> **Task to complete**:
Reproduce each record exactly, leaving out no line.

> **Provided entries**:
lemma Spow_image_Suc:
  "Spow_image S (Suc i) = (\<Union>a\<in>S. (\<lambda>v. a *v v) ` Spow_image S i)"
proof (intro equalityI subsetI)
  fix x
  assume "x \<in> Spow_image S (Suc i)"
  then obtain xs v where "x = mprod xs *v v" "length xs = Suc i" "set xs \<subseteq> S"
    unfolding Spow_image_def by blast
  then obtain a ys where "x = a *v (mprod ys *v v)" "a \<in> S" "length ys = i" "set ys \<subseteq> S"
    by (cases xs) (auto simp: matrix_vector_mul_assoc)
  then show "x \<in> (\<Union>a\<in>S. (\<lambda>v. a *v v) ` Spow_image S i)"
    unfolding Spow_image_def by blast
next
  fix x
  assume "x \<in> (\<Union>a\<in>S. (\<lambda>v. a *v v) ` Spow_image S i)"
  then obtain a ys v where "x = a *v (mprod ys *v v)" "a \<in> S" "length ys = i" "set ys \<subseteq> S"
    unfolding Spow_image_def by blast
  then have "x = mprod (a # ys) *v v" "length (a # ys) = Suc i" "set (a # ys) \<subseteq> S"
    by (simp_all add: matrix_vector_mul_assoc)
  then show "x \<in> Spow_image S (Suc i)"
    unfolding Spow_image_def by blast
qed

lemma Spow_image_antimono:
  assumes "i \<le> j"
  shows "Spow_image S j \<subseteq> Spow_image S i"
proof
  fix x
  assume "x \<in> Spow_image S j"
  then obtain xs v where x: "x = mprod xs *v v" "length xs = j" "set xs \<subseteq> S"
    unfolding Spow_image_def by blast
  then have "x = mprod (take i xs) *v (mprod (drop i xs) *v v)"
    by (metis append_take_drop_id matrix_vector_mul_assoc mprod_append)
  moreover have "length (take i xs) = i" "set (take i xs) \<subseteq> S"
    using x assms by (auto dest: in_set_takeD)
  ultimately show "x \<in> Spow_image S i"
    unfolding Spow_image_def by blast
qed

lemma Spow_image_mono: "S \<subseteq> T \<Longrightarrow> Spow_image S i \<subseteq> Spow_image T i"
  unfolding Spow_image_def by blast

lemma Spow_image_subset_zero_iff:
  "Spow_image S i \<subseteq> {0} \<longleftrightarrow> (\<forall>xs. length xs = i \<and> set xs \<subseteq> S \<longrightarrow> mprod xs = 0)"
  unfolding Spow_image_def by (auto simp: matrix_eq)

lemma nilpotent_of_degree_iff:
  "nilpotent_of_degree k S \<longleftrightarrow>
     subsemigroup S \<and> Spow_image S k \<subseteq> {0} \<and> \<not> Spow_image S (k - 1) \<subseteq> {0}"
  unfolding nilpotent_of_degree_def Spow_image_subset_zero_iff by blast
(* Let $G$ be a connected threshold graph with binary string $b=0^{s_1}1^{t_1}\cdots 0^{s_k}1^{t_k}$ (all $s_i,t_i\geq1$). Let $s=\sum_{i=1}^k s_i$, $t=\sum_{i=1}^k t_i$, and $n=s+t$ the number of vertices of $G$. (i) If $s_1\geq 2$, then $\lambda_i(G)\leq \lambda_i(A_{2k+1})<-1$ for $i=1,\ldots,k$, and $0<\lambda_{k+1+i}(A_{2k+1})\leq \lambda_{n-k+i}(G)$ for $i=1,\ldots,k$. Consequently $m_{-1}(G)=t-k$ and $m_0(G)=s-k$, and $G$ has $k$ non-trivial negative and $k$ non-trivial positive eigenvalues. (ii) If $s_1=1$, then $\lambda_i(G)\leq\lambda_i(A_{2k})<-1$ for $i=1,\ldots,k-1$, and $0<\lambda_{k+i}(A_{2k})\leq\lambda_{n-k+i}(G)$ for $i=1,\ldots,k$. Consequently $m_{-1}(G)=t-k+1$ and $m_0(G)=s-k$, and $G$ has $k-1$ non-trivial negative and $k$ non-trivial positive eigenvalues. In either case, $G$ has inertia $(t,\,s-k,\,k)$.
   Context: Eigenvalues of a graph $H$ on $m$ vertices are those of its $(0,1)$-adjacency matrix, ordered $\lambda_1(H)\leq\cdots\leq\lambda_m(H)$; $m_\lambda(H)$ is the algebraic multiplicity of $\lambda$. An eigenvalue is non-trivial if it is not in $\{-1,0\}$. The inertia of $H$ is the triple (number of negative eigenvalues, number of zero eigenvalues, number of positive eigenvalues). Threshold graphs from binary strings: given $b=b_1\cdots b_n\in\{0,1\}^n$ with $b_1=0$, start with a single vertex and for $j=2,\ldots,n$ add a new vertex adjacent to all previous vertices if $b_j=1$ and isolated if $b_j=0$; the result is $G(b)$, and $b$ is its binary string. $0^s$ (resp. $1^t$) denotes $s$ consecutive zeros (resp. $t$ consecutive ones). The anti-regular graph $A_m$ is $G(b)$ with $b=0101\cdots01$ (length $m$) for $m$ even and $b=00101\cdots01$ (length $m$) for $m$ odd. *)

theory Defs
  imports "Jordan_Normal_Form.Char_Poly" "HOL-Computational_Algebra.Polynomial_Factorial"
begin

> **Solution for this exercise**:
lemma Spow_image_Suc:
  "Spow_image S (Suc i) = (\<Union>a\<in>S. (\<lambda>v. a *v v) ` Spow_image S i)"
proof (intro equalityI subsetI)
  fix x
  assume "x \<in> Spow_image S (Suc i)"
  then obtain xs v where "x = mprod xs *v v" "length xs = Suc i" "set xs \<subseteq> S"
    unfolding Spow_image_def by blast
  then obtain a ys where "x = a *v (mprod ys *v v)" "a \<in> S" "length ys = i" "set ys \<subseteq> S"
    by (cases xs) (auto simp: matrix_vector_mul_assoc)
  then show "x \<in> (\<Union>a\<in>S. (\<lambda>v. a *v v) ` Spow_image S i)"
    unfolding Spow_image_def by blast
next
  fix x
  assume "x \<in> (\<Union>a\<in>S. (\<lambda>v. a *v v) ` Spow_image S i)"
  then obtain a ys v where "x = a *v (mprod ys *v v)" "a \<in> S" "length ys = i" "set ys \<subseteq> S"
    unfolding Spow_image_def by blast
  then have "x = mprod (a # ys) *v v" "length (a # ys) = Suc i" "set (a # ys) \<subseteq> S"
    by (simp_all add: matrix_vector_mul_assoc)
  then show "x \<in> Spow_image S (Suc i)"
    unfolding Spow_image_def by blast
qed

lemma Spow_image_antimono:
  assumes "i \<le> j"
  shows "Spow_image S j \<subseteq> Spow_image S i"
proof
  fix x
  assume "x \<in> Spow_image S j"
  then obtain xs v where x: "x = mprod xs *v v" "length xs = j" "set xs \<subseteq> S"
    unfolding Spow_image_def by blast
  then have "x = mprod (take i xs) *v (mprod (drop i xs) *v v)"
    by (metis append_take_drop_id matrix_vector_mul_assoc mprod_append)
  moreover have "length (take i xs) = i" "set (take i xs) \<subseteq> S"
    using x assms by (auto dest: in_set_takeD)
  ultimately show "x \<in> Spow_image S i"
    unfolding Spow_image_def by blast
qed

lemma Spow_image_mono: "S \<subseteq> T \<Longrightarrow> Spow_image S i \<subseteq> Spow_image T i"
  unfolding Spow_image_def by blast

lemma Spow_image_subset_zero_iff:
  "Spow_image S i \<subseteq> {0} \<longleftrightarrow> (\<forall>xs. length xs = i \<and> set xs \<subseteq> S \<longrightarrow> mprod xs = 0)"
  unfolding Spow_image_def by (auto simp: matrix_eq)

lemma nilpotent_of_degree_iff:
  "nilpotent_of_degree k S \<longleftrightarrow>
     subsemigroup S \<and> Spow_image S k \<subseteq> {0} \<and> \<not> Spow_image S (k - 1) \<subseteq> {0}"
  unfolding nilpotent_of_degree_def Spow_image_subset_zero_iff by blast
(* Let $G$ be a connected threshold graph with binary string $b=0^{s_1}1^{t_1}\cdots 0^{s_k}1^{t_k}$ (all $s_i,t_i\geq1$). Let $s=\sum_{i=1}^k s_i$, $t=\sum_{i=1}^k t_i$, and $n=s+t$ the number of vertices of $G$. (i) If $s_1\geq 2$, then $\lambda_i(G)\leq \lambda_i(A_{2k+1})<-1$ for $i=1,\ldots,k$, and $0<\lambda_{k+1+i}(A_{2k+1})\leq \lambda_{n-k+i}(G)$ for $i=1,\ldots,k$. Consequently $m_{-1}(G)=t-k$ and $m_0(G)=s-k$, and $G$ has $k$ non-trivial negative and $k$ non-trivial positive eigenvalues. (ii) If $s_1=1$, then $\lambda_i(G)\leq\lambda_i(A_{2k})<-1$ for $i=1,\ldots,k-1$, and $0<\lambda_{k+i}(A_{2k})\leq\lambda_{n-k+i}(G)$ for $i=1,\ldots,k$. Consequently $m_{-1}(G)=t-k+1$ and $m_0(G)=s-k$, and $G$ has $k-1$ non-trivial negative and $k$ non-trivial positive eigenvalues. In either case, $G$ has inertia $(t,\,s-k,\,k)$.
   Context: Eigenvalues of a graph $H$ on $m$ vertices are those of its $(0,1)$-adjacency matrix, ordered $\lambda_1(H)\leq\cdots\leq\lambda_m(H)$; $m_\lambda(H)$ is the algebraic multiplicity of $\lambda$. An eigenvalue is non-trivial if it is not in $\{-1,0\}$. The inertia of $H$ is the triple (number of negative eigenvalues, number of zero eigenvalues, number of positive eigenvalues). Threshold graphs from binary strings: given $b=b_1\cdots b_n\in\{0,1\}^n$ with $b_1=0$, start with a single vertex and for $j=2,\ldots,n$ add a new vertex adjacent to all previous vertices if $b_j=1$ and isolated if $b_j=0$; the result is $G(b)$, and $b$ is its binary string. $0^s$ (resp. $1^t$) denotes $s$ consecutive zeros (resp. $t$ consecutive ones). The anti-regular graph $A_m$ is $G(b)$ with $b=0101\cdots01$ (length $m$) for $m$ even and $b=00101\cdots01$ (length $m$) for $m$ odd. *)

theory Defs
  imports "Jordan_Normal_Form.Char_Poly" "HOL-Computational_Algebra.Polynomial_Factorial"
begin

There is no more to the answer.